> [DATASET CONTENT]:
== == ==
lemma convolution_solves_pencil_recursion:
  fixes A0 A1 :: "'a::real_normed_vector \<Rightarrow>\<^sub>L 'b::real_normed_vector"
    and K :: "nat \<Rightarrow> 'b \<Rightarrow> 'a" and G :: "int \<Rightarrow> 'b"
  assumes K_0: "\<And>v. A0 (K 0 v) = v" and K_Suc: "\<And>s v. A0 (K (Suc s) v) + A1 (K s v) = 0"
    and e: "A0 e + A1 e = 0"
  defines "u \<equiv> \<lambda>t. e + (\<Sum>s=0..t. K s (G (int t - int s)))"
  shows "A0 (u 0) + A1 e = G 0" and "A0 (u (Suc t)) + A1 (u t) = G (int (Suc t))"
proof -
  show "A0 (u 0) + A1 e = G 0"
    using e by (simp add: u_def blinfun.add_right K_0 algebra_simps)
  have "(\<Sum>s=0..Suc t. K s (G (int (Suc t) - int s)))
      = K 0 (G (int (Suc t))) + (\<Sum>s=0..t. K (Suc s) (G (int t - int s)))"
    by (subst sum.atLeast0_atMost_Suc_shift) simp
  hence "A0 (u (Suc t)) + A1 (u t) = (A0 e + A1 e) + A0 (K 0 (G (int (Suc t))))
      + (\<Sum>s=0..t. A0 (K (Suc s) (G (int t - int s))) + A1 (K s (G (int t - int s))))"
    by (simp add: u_def blinfun.add_right blinfun.sum_right sum.distrib algebra_simps)
  thus "A0 (u (Suc t)) + A1 (u t) = G (int (Suc t))"
    by (simp add: e K_0 K_Suc)
qed

lemma pencil_recursion_unique:
  fixes A B :: "'a \<Rightarrow> 'b::cancel_semigroup_add"
  assumes "inj A"
    and "A (u 0) + B c = G 0" "A (v 0) + B c = G 0"
    and "\<And>t. A (u (Suc t)) + B (u t) = G (Suc t)" "\<And>t. A (v (Suc t)) + B (v t) = G (Suc t)"
  shows "u t = v t"
proof (induction t)
  case 0
  show ?case using assms(2,3) injD[OF \<open>inj A\<close>] add_right_imp_eq by metis
next
  case (Suc t)
  show ?case using assms(4,5)[of t] Suc injD[OF \<open>inj A\<close>] add_right_imp_eq by metis
qed
text \<open>Transfinite iteration along a well-order r: the element i of Field r stands
  for the ordinal given by the order type of its strict initial segment.\<close>
definition soft_iter_step ::
  "('x \<Rightarrow> ('e, 'x) soft_set) \<Rightarrow> ('e, 'x) soft_set \<Rightarrow> 'b rel \<Rightarrow>
   ('b \<Rightarrow> ('e, 'x) soft_set) \<Rightarrow> 'b \<Rightarrow> ('e, 'x) soft_set" where
  "soft_iter_step a G r f i =
     (if underS r i = {} then G
      else if (\<exists>j\<in>underS r i. \<forall>k\<in>underS r i. (k, j) \<in> r)
      then soft_aura_cl a (f (THE j. j \<in> underS r i \<and> (\<forall>k\<in>underS r i. (k, j) \<in> r)))
      else soft_Union (f ` underS r i))"

definition soft_iter ::
  "('x \<Rightarrow> ('e, 'x) soft_set) \<Rightarrow> ('e, 'x) soft_set \<Rightarrow> 'b rel \<Rightarrow> 'b \<Rightarrow> ('e, 'x) soft_set" where
  "soft_iter a G r = wfrec (r - Id) (soft_iter_step a G r)"

text \<open>Extend a well-order w by a new top element None; the top then
  represents the ordinal (order type) of w itself.\<close>
definition ext_top :: "'c rel \<Rightarrow> 'c option rel" where
  "ext_top w = {(Some x, Some y) | x y. (x, y) \<in> w} \<union>
               {(z, None) | z. z = None \<or> (\<exists>x\<in>Field w. z = Some x)}"

text \<open>cl_a^alpha(G) where the ordinal alpha is the order type of the well-order w.\<close>
definition soft_cl_ord ::
  "('x \<Rightarrow> ('e, 'x) soft_set) \<Rightarrow> 'c rel \<Rightarrow> ('e, 'x) soft_set \<Rightarrow> ('e, 'x) soft_set" where
  "soft_cl_ord a w G = soft_iter a G (ext_top w) None"

definition soft_cl_inf ::
  "('x \<Rightarrow> ('e, 'x) soft_set) \<Rightarrow> ('e, 'x) soft_set \<Rightarrow> ('e, 'x) soft_set" where
  "soft_cl_inf a G = soft_cl_ord a
     (SOME \<gamma> :: 'x rel. Well_order \<gamma> \<and> (\<gamma>, card_of (UNIV :: 'x set)) \<in> ordLeq \<and>
        (\<forall>w :: 'x rel. Well_order w \<and> (\<gamma>, w) \<in> ordLeq \<longrightarrow> soft_cl_ord a w G = soft_cl_ord a \<gamma> G)) G"

end

theory Submission
  imports Defs "HOL-Library.Order_Continuity"
begin

(* The aura closure cl is inflationary and commutes with soft unions, so its omega-th iterate
   cl^omega(G) = sup_n cl^n(G) is already a fixed point of cl. Hence the transfinite sequence is
   constant from omega on, and cl^alpha(G) depends only on min(|alpha|, omega). If X is finite,
   each parameterwise chain cl^n(G)(e) of subsets of X grows strictly until it stops, so it stops
   after at most |X| steps. So cl^alpha(G) = cl^omega(G) for every ordinal alpha >= |X|, and the
   Kuratowski axioms for cl^omega follow from the corresponding properties of cl together with
   the fixed-point property. *)

definition omega_closure :: "('a::complete_lattice \<Rightarrow> 'a) \<Rightarrow> 'a \<Rightarrow> 'a" where
  "omega_closure f x = (SUP n. (f ^^ n) x)"

lemma funpow_inflationary_mono:
  fixes f :: "'a::preorder \<Rightarrow> 'a"
  assumes "\<And>x. x \<le> f x" and "m \<le> n"
  shows "(f ^^ m) x \<le> (f ^^ n) x"
  using \<open>m \<le> n\<close>
proof (induction n rule: dec_induct)
  case (step n)
  have "(f ^^ n) x \<le> (f ^^ Suc n) x" using assms(1) by simp
  with step.IH show ?case by (rule order_trans)
qed simp

lemma funpow_le_omega_closure: "(f ^^ n) x \<le> omega_closure f x"
  unfolding omega_closure_def by (rule SUP_upper) simp

lemma le_omega_closure: "x \<le> omega_closure f x"
  using funpow_le_omega_closure[where n = 0] by simp

lemma omega_closure_fixpoint:
  assumes "sup_continuous f" and "\<And>x. x \<le> f x"
  shows "f (omega_closure f x) = omega_closure f x"
proof (rule antisym)
  have "mono (\<lambda>n. (f ^^ n) x)"
    using funpow_inflationary_mono[OF assms(2)] by (rule monoI)
  then have "f (omega_closure f x) = (SUP n. (f ^^ Suc n) x)"
    unfolding omega_closure_def by (simp add: sup_continuousD[OF assms(1)])
  also have "\<dots> \<le> omega_closure f x"
    by (rule SUP_least) (rule funpow_le_omega_closure)
  finally show "f (omega_closure f x) \<le> omega_closure f x" .
qed (rule assms(2))

lemma omega_closure_idem:
  assumes "sup_continuous f" and "\<And>x. x \<le> f x"
  shows "omega_closure f (omega_closure f x) = omega_closure f x"
proof -
  have "(f ^^ n) (omega_closure f x) = omega_closure f x" for n
    by (induction n) (simp_all add: omega_closure_fixpoint[OF assms])
  then show ?thesis
    unfolding omega_closure_def[of f "omega_closure f x"] by simp
qed

lemma omega_closure_bot:
  assumes "f bot = bot"
  shows "omega_closure f bot = bot"
proof -
  have "(f ^^ n) bot = bot" for n
    by (induction n) (simp_all add: assms)
  then show ?thesis unfolding omega_closure_def by simp
qed

lemma omega_closure_sup:
  assumes "\<And>x y. f (sup x y) = sup (f x) (f y)"
  shows "omega_closure f (sup x y) = sup (omega_closure f x) (omega_closure f y)"
proof -
  have "(f ^^ n) (sup x y) = sup ((f ^^ n) x) ((f ^^ n) y)" for n
    by (induction n) (simp_all add: assms)
  then show ?thesis unfolding omega_closure_def by (simp add: SUP_sup_distrib)
qed

lemma funpow_inflationary_stabilizes:
  fixes \<phi> :: "'a set \<Rightarrow> 'a set"
  assumes fin: "finite (UNIV :: 'a set)" and infl: "\<And>X. X \<subseteq> \<phi> X"
  shows "(\<phi> ^^ n) X \<subseteq> (\<phi> ^^ card (UNIV :: 'a set)) X"
proof -
  let ?s = "\<lambda>n. (\<phi> ^^ n) X" and ?N = "card (UNIV :: 'a set)"
  have grows_or_stops: "n \<le> card (?s n) \<or> ?s (Suc n) = ?s n" for n
  proof (induction n)
    case (Suc n)
    show ?case
    proof (cases "?s (Suc n) = ?s n")
      case False
      then have "?s n \<subset> ?s (Suc n)" using infl[of "?s n"] by auto
      then have "card (?s n) < card (?s (Suc n))"
        using fin by (meson finite_subset psubset_card_mono subset_UNIV)
      with False Suc.IH show ?thesis by simp
    qed simp
  qed simp
  have stop: "\<phi> (?s ?N) = ?s ?N"
  proof (cases "?N \<le> card (?s ?N)")
    case True
    with fin have "?s ?N = UNIV" by (intro card_seteq) auto
    moreover have "UNIV \<subseteq> \<phi> UNIV" by (rule infl)
    ultimately show ?thesis by auto
  qed (use grows_or_stops[of ?N] in simp)
  have stable: "?s (?N + k) = ?s ?N" for k
    by (induction k) (simp_all add: stop)
  show ?thesis
  proof (cases "n \<le> ?N")
    case True
    then show ?thesis by (rule funpow_inflationary_mono[OF infl])
  next
    case False
    then have "?s n = ?s ?N" using stable[of "n - ?N"] by simp
    then show ?thesis by simp
  qed
qed

lemma soft_aura_cl_sup_continuous: "sup_continuous (soft_aura_cl a)"
  unfolding sup_continuous_def soft_aura_cl_def by (auto simp: fun_eq_iff)

lemma soft_aura_cl_inflationary:
  assumes "\<forall>x e. x \<in> a x e"
  shows "G \<le> soft_aura_cl a G"
  using assms unfolding soft_aura_cl_def le_fun_def by blast

lemma soft_aura_cl_bot: "soft_aura_cl a bot = bot"
  unfolding soft_aura_cl_def by (auto simp: fun_eq_iff)

lemma soft_aura_cl_sup: "soft_aura_cl a (sup G H) = sup (soft_aura_cl a G) (soft_aura_cl a H)"
  unfolding soft_aura_cl_def by (auto simp: fun_eq_iff)

lemma soft_Union_eq_Sup: "soft_Union S = Sup S"
  unfolding soft_Union_def by (simp add: fun_eq_iff)

lemma funpow_soft_aura_cl_apply:
  "((soft_aura_cl a ^^ n) G) e = ((\<lambda>S. {x. a x e \<inter> S \<noteq> {}}) ^^ n) (G e)"
  by (induction n) (simp_all add: soft_aura_cl_def)

lemma omega_closure_soft_aura_cl_finite:
  fixes G :: "('e, 'x) soft_set"
  assumes scope: "\<forall>x e. x \<in> a x e" and fin: "finite (UNIV :: 'x set)"
  shows "omega_closure (soft_aura_cl a) G = (soft_aura_cl a ^^ card (UNIV :: 'x set)) G"
proof (rule antisym)
  have "(soft_aura_cl a ^^ n) G e \<subseteq> (soft_aura_cl a ^^ card (UNIV :: 'x set)) G e" for n e
    unfolding funpow_soft_aura_cl_apply
    by (rule funpow_inflationary_stabilizes[OF fin]) (use scope in blast)
  then show "omega_closure (soft_aura_cl a) G \<le> (soft_aura_cl a ^^ card (UNIV :: 'x set)) G"
    unfolding omega_closure_def by (intro SUP_least) (simp add: le_fun_def)
qed (rule funpow_le_omega_closure)

text \<open>For an ordinal \<open>\<alpha>\<close> of cardinality \<open>|A|\<close> this is \<open>cl\<^sup>\<alpha>(G)\<close>:
  from \<open>\<omega>\<close> on, the iteration is constant.\<close>

definition soft_cl_card ::
  "('x \<Rightarrow> ('e, 'x) soft_set) \<Rightarrow> 'b set \<Rightarrow> ('e, 'x) soft_set \<Rightarrow> ('e, 'x) soft_set" where
  "soft_cl_card a A G =
     (if finite A then (soft_aura_cl a ^^ card A) G else omega_closure (soft_aura_cl a) G)"
(* Let $n\ge1$, $T>0$, $W(r)=\frac14(1-r^2)^2$, and for each $\varepsilon>0$ let $u_\varepsilon,\theta_\varepsilon:(0,T)\times\mathbb{R}^n\to\mathbb{R}$ with $\theta_\varepsilon(t,\cdot)\in C^1(\mathbb{R}^n)$ for all $t$, and set $g_\varepsilon:=\theta_\varepsilon\sqrt{2W(u_\varepsilon)}$. Assume $$\sup_{\varepsilon>0}\int_0^T\!\!\int_{\mathbb{R}^n}\big(\theta_\varepsilon^2+|\nabla\theta_\varepsilon|^2\big)\,dx\,dt<\infty,$$ that $u_\varepsilon$ is a classical solution of $\varepsilon\partial_tu_\varepsilon=\varepsilon\Delta u_\varepsilon-\frac1\varepsilon W'(u_\varepsilon)+g_\varepsilon$ in $(0,T)\times\mathbb{R}^n$ with $u_\varepsilon(0,\cdot)=u^0_\varepsilon$, that $\sup_{\varepsilon>0}\mu^0_\varepsilon(\mathbb{R}^n)<\infty$, and that there is a constant $K(T)$ (independent of $\varepsilon$) with $$\sup_{x\in\mathbb{R}^n,\,R>0}\frac{\mu^t_\varepsilon(B_R(x))}{R^{n-1}}\le K(T)\quad\text{for all }t\in[0,T)\text{ and all }\varepsilon>0.$$ Then $\sup_{\varepsilon>0}\int_0^T\int_{\mathbb{R}^n}\frac1\varepsilon g_\varepsilon^2\,dx\,dt<\infty$.
   Context: $\mu_\varepsilon^t:=\big(\frac\varepsilon2|\nabla u_\varepsilon(t,\cdot)|^2+\frac1\varepsilon W(u_\varepsilon(t,\cdot))\big)\mathcal{L}^n$ on $\mathbb{R}^n$; $B_R(x)$ is the open ball of radius $R$ centered at $x$. *)

theory Defs
  imports "HOL-Analysis.Analysis"
begin

definition W :: "real \<Rightarrow> real" where
  "W r = (1 - r\<^sup>2)\<^sup>2 / 4"
lemma nn_integral_sorted_by_split:
  fixes u :: "'a \<Rightarrow> real"
  assumes [measurable]: "u \<in> borel_measurable M" "g \<in> borel_measurable M"
    and k: "k \<in> {1..K}"
  shows "(\<integral>\<^sup>+x. g (x k) * (if sorted_by u id {1..K} x then 1 else 0) \<partial>PiM {1..K} (\<lambda>_. M)) =
    (\<integral>\<^sup>+y. g y * (sorted_above_prob M (\<lambda>z. - u z) (\<lambda>i. K - i) {1..<k} (- u y) *
      sorted_above_prob M u id {k<..K} (u y)) \<partial>M)"
proof -
  interpret product_sigma_finite "\<lambda>_. M" by unfold_locales
  define L where "L = {1..<k}"
  define R where "R = {k<..K}"
  have LR: "L \<inter> R = {}" "finite L" "finite R" "k \<notin> L \<union> R" "{1..K} = insert k (L \<union> R)"
    using k by (auto simp: L_def R_def)
  define a where "a y x = (if sorted_by (\<lambda>z. - u z) (\<lambda>i. K - i) L x \<and> (\<forall>i\<in>L. - u y < - u (x i))
    then 1 else 0 :: ennreal)" for y x
  define b where "b y x = (if sorted_by u id R x \<and> (\<forall>j\<in>R. u y < u (x j)) then 1 else 0 :: ennreal)" for y x
  have [measurable]: "a y \<in> borel_measurable (PiM L (\<lambda>_. M))" "b y \<in> borel_measurable (PiM R (\<lambda>_. M))" for y
    unfolding a_def b_def
    using pred_sorted_by[where u="\<lambda>z. - u z" and J=L and I=L] pred_all_above[where u="\<lambda>z. - u z" and J=L and I=L]
      pred_sorted_by[where u=u and J=R and I=R] pred_all_above[where u=u and J=R and I=R] LR(2,3)
    by measurable
  have [measurable]: "Measurable.pred (PiM {1..K} (\<lambda>_. M)) (sorted_by u id {1..K})"
    by (rule pred_sorted_by) auto
  define F where "F x = g (x k) * (if sorted_by u id {1..K} x then 1 else 0 :: ennreal)" for x
  have "F \<in> borel_measurable (PiM (insert k (L \<union> R)) (\<lambda>_. M))"
    unfolding F_def LR(5)[symmetric] using k by measurable
  then have "integral\<^sup>N (PiM {1..K} (\<lambda>_. M)) F =
      (\<integral>\<^sup>+y. \<integral>\<^sup>+x. F (x(k := y)) \<partial>PiM (L \<union> R) (\<lambda>_. M) \<partial>M)"
    unfolding LR(5) using LR by (intro product_nn_integral_insert_rev) auto
  also have "\<dots> = (\<integral>\<^sup>+y. \<integral>\<^sup>+x. g y * (a y (restrict x L) * b y (restrict x R)) \<partial>PiM (L \<union> R) (\<lambda>_. M) \<partial>M)"
    unfolding F_def sorted_by_split_at[OF k] using LR(4)
    by (intro nn_integral_cong) (auto simp: a_def b_def sorted_by_restrict L_def R_def)
  also have "\<dots> = (\<integral>\<^sup>+y. g y * (sorted_above_prob M (\<lambda>z. - u z) (\<lambda>i. K - i) L (- u y) *
      sorted_above_prob M u id R (u y)) \<partial>M)"
  proof (intro nn_integral_cong)
    fix y
    have [measurable]: "(\<lambda>x. restrict x L) \<in> PiM (L \<union> R) (\<lambda>_. M) \<rightarrow>\<^sub>M PiM L (\<lambda>_. M)"
      "(\<lambda>x. restrict x R) \<in> PiM (L \<union> R) (\<lambda>_. M) \<rightarrow>\<^sub>M PiM R (\<lambda>_. M)"
      by (auto intro: measurable_restrict_subset)
    have "(\<integral>\<^sup>+x. g y * (a y (restrict x L) * b y (restrict x R)) \<partial>PiM (L \<union> R) (\<lambda>_. M)) =
      g y * ((\<integral>\<^sup>+x. a y x \<partial>PiM L (\<lambda>_. M)) * (\<integral>\<^sup>+x. b y x \<partial>PiM R (\<lambda>_. M)))"
      using LR by (subst nn_integral_cmult) (simp_all add: nn_integral_PiM_Un_mult)
    then show "(\<integral>\<^sup>+x. g y * (a y (restrict x L) * b y (restrict x R)) \<partial>PiM (L \<union> R) (\<lambda>_. M)) =
      g y * (sorted_above_prob M (\<lambda>z. - u z) (\<lambda>i. K - i) L (- u y) * sorted_above_prob M u id R (u y))"
      using LR by (simp add: sorted_above_prob_nn_integral a_def b_def)
  qed
  finally show ?thesis unfolding F_def L_def R_def .
qed

lemma nn_integral_order_statistic:
  fixes u :: "'a \<Rightarrow> real"
  assumes [measurable]: "u \<in> borel_measurable M" "g \<in> borel_measurable M"
    and no_ties: "\<And>t. emeasure M {w \<in> space M. u w = t} = 0"
    and j: "j \<in> {1..K}"
  shows "(\<integral>\<^sup>+x. g (x j) * (if sorted_by u id {1..K} x then 1 else 0) \<partial>PiM {1..K} (\<lambda>_. M)) =
    (\<integral>\<^sup>+y. g y * ennreal (measure M {w \<in> space M. u w < u y} ^ (j - 1) / fact (j - 1) *
      (measure M {w \<in> space M. u y < u w} ^ (K - j) / fact (K - j))) \<partial>M)"
proof -
  have no_ties': "emeasure M {w \<in> space M. - u w = t} = 0" for t
  proof -
    have "{w \<in> space M. - u w = t} = {w \<in> space M. u w = - t}" by auto
    then show ?thesis using no_ties by simp
  qed
  have [measurable]: "(\<lambda>z. - u z) \<in> borel_measurable M"
    by measurable
  have "inj_on (\<lambda>i. K - i) {1..<j}"
    using j by (auto simp: inj_on_def)
  from sorted_above_prob_eq[OF _ no_ties' _ this]
  have L: "sorted_above_prob M (\<lambda>z. - u z) (\<lambda>i. K - i) {1..<j} (- u y) =
      ennreal (measure M {w \<in> space M. u w < u y} ^ (j - 1) / fact (j - 1))" for y
    by simp
  have R: "sorted_above_prob M u id {j<..K} (u y) =
      ennreal (measure M {w \<in> space M. u y < u w} ^ (K - j) / fact (K - j))" for y
    using sorted_above_prob_eq[OF assms(1) no_ties, of "{j<..K}" id "u y"] by simp
  show ?thesis
    unfolding nn_integral_sorted_by_split[OF assms(1,2) j] L R
    by (intro nn_integral_cong, subst ennreal_mult) simp_all
qed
== == ==
Tally the lines in the entries above that hold the string "element" and state the tally alone.

2